I essentially do pay for “gold membership” to my ISP; I pay a little more each month for a bundle of things that includes “business tech support” and when I last phoned the number I got someone who knew considerably more about networking than I did.
Of course, I live in New Zealand so my internet experience sucks anyway for reasons involving limited capacity and the speed of light.
My suggestion for the magic word is more a magic phrase: “I know what ARP stands for. Please put me through to someone at your end that does to.”
I also use Freedom2Surf and have always been very happy with their support, despite the fact that they were completely unable to resolve my appalling ADSL performance. Many, many users complain about their other services (mail, hosting etc).
The problem for me was that ultimately there were problems with the telephone line which were degrading the ADSL signal, which is BT’s problem and BT don’t care so long as you can make telephone calls. The ISP can do nothing about your line quality.

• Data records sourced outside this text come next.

lemma cos_quadratic_sqrt_ratio:
  fixes a b u :: real
  assumes "0 < a" "a < b"
  defines "\<rho> \<equiv> (sqrt b - sqrt a) / (sqrt b + sqrt a)"
  shows "1 - 2 * \<rho> * cos u + \<rho>^2 = 2 * \<rho> * ((a + b) / 2 - (b - a) / 2 * cos u) / ((b - a) / 2)"
proof -
  define A where "A = sqrt a"
  define B where "B = sqrt b"
  define m where "m = (a + b) / 2"
  define r where "r = (b - a) / 2"
  have AB: "0 < A" "A < B" unfolding A_def B_def using assms by auto
  have a: "a = A^2" and b: "b = B^2" unfolding A_def B_def using assms by auto
  have BA: "B - A \<noteq> 0" "B + A \<noteq> 0" using AB by auto
  have h: "\<rho> * (B + A) = B - A" unfolding \<rho>_def A_def[symmetric] B_def[symmetric] using BA by simp
  have key: "((B + A)^2 + (B - A)^2) * r = 2 * (B - A) * (B + A) * m"
    unfolding m_def r_def a b by (simp add: field_simps power2_eq_square)
  have "(B + A)^2 * ((1 + \<rho>^2) * r) = ((B + A)^2 + (\<rho> * (B + A))^2) * r"
    by (simp add: algebra_simps power2_eq_square)
  also have "\<dots> = 2 * (B - A) * (B + A) * m" unfolding h key ..
  also have "\<dots> = 2 * (B + A) * (\<rho> * (B + A)) * m" unfolding h by (simp only: mult_ac)
  also have "\<dots> = (B + A)^2 * (2 * \<rho> * m)" by (simp add: algebra_simps power2_eq_square)
  finally have "(1 + \<rho>^2) * r = 2 * \<rho> * m" using BA by simp
  moreover have "0 < r" unfolding r_def using assms by simp
  ultimately show ?thesis unfolding m_def[symmetric] r_def[symmetric] by (simp add: field_simps)
qed

lemma nu_density_measurable[measurable]: "(\<lambda>t. nu_density al a b t) \<in> borel_measurable borel"
  unfolding nu_density_def by measurable

text \<open>The pole term \<open>-2 al sqrt (a / b) / x\<close> of \<open>nu_density\<close>, in the angle variable.\<close>
lemma nu_pole_term_eq:
  fixes A B c :: real
  assumes AB: "0 < A" "A < B" and c: "c < 1"
  defines "m \<equiv> (A^2 + B^2) / 2" and "r \<equiv> (B^2 - A^2) / 2" and "\<rho> \<equiv> (B - A) / (B + A)"
  shows "- r * (1 + c) * (A / B) / (m - r * c)
           = 1 + A / B - r * (1 - \<rho> * c) / (\<rho> * (m - r * c))"
proof -
  define T where "T = m - r * c"
  have "0 < r" unfolding r_def using AB by (simp add: power_strict_mono)
  then have "r * c < r" using c by simp
  moreover have "m - r = A^2" unfolding m_def r_def by (simp add: field_simps)
  ultimately have T: "0 < T" unfolding T_def using AB zero_less_power[of A 2] by linarith
  have nonzero: "\<rho> \<noteq> 0" "B + A \<noteq> 0" "B - A \<noteq> 0" "B \<noteq> 0" unfolding \<rho>_def using AB by auto
  have "r / \<rho> = (B + A)^2 / 2"
    unfolding r_def \<rho>_def using nonzero by (simp add: field_simps power2_eq_square)
  moreover have "r * (1 - \<rho> * c) / (\<rho> * T) = (r / \<rho> - r * c) / T"
    using nonzero by (simp add: field_simps)
  moreover have "- r * (1 + c) * A = (B + A) * T - B * (B + A)^2 / 2 + B * r * c"
    unfolding T_def m_def r_def by (simp add: field_simps power2_eq_square)
  then have "- r * (1 + c) * (A / B) / T = 1 + A / B - ((B + A)^2 / 2 - r * c) / T"
    using T nonzero by (simp add: field_simps)
  ultimately show ?thesis unfolding T_def by simp
qed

All British ADSL ISPs, apart from those who are doing LLU (their own DSL equipment in BT telephone exchanges), are reselling BT Wholesale ADSL, which means when your ISP can’t solve the problem for you, which they have limited scope to do, they have to refer you to BT, who don’t care so long as you can make telephone calls. Even if they do LLU, they are still using the BT wiring to your house.
Ultimately, an ADSL ISP (in the UK at least) can only do so much for you. How they treat you is another question, but technically, they can only work with the BT system. If there’s a technical issue with your phone line, they’re dependent on BT and BT don’t care so long as you can make telephone calls. There is only so much scope for an ISP to treat you like an intelligent, technical human being before they hit the brick wall called BT, all an ISP can do is the idiot checks. Hopefully, fibre to the home (or at least the street) should eliminate most of the ADSL line problems, at least as far as cable broadband is able elminate them (cable being a far superior broadband medium).
The other thing about reselling BT Wholesale is that, as you say, the more you sell, the cheaper it gets.
I can’t comment on cable or overseas broadband. At least in the UK, cable providers own their own network infrastructure, so there’s more room for them to resolve your problems.
Did I mention that BT don’t care about your ADSL performance so long as you can make telephone calls?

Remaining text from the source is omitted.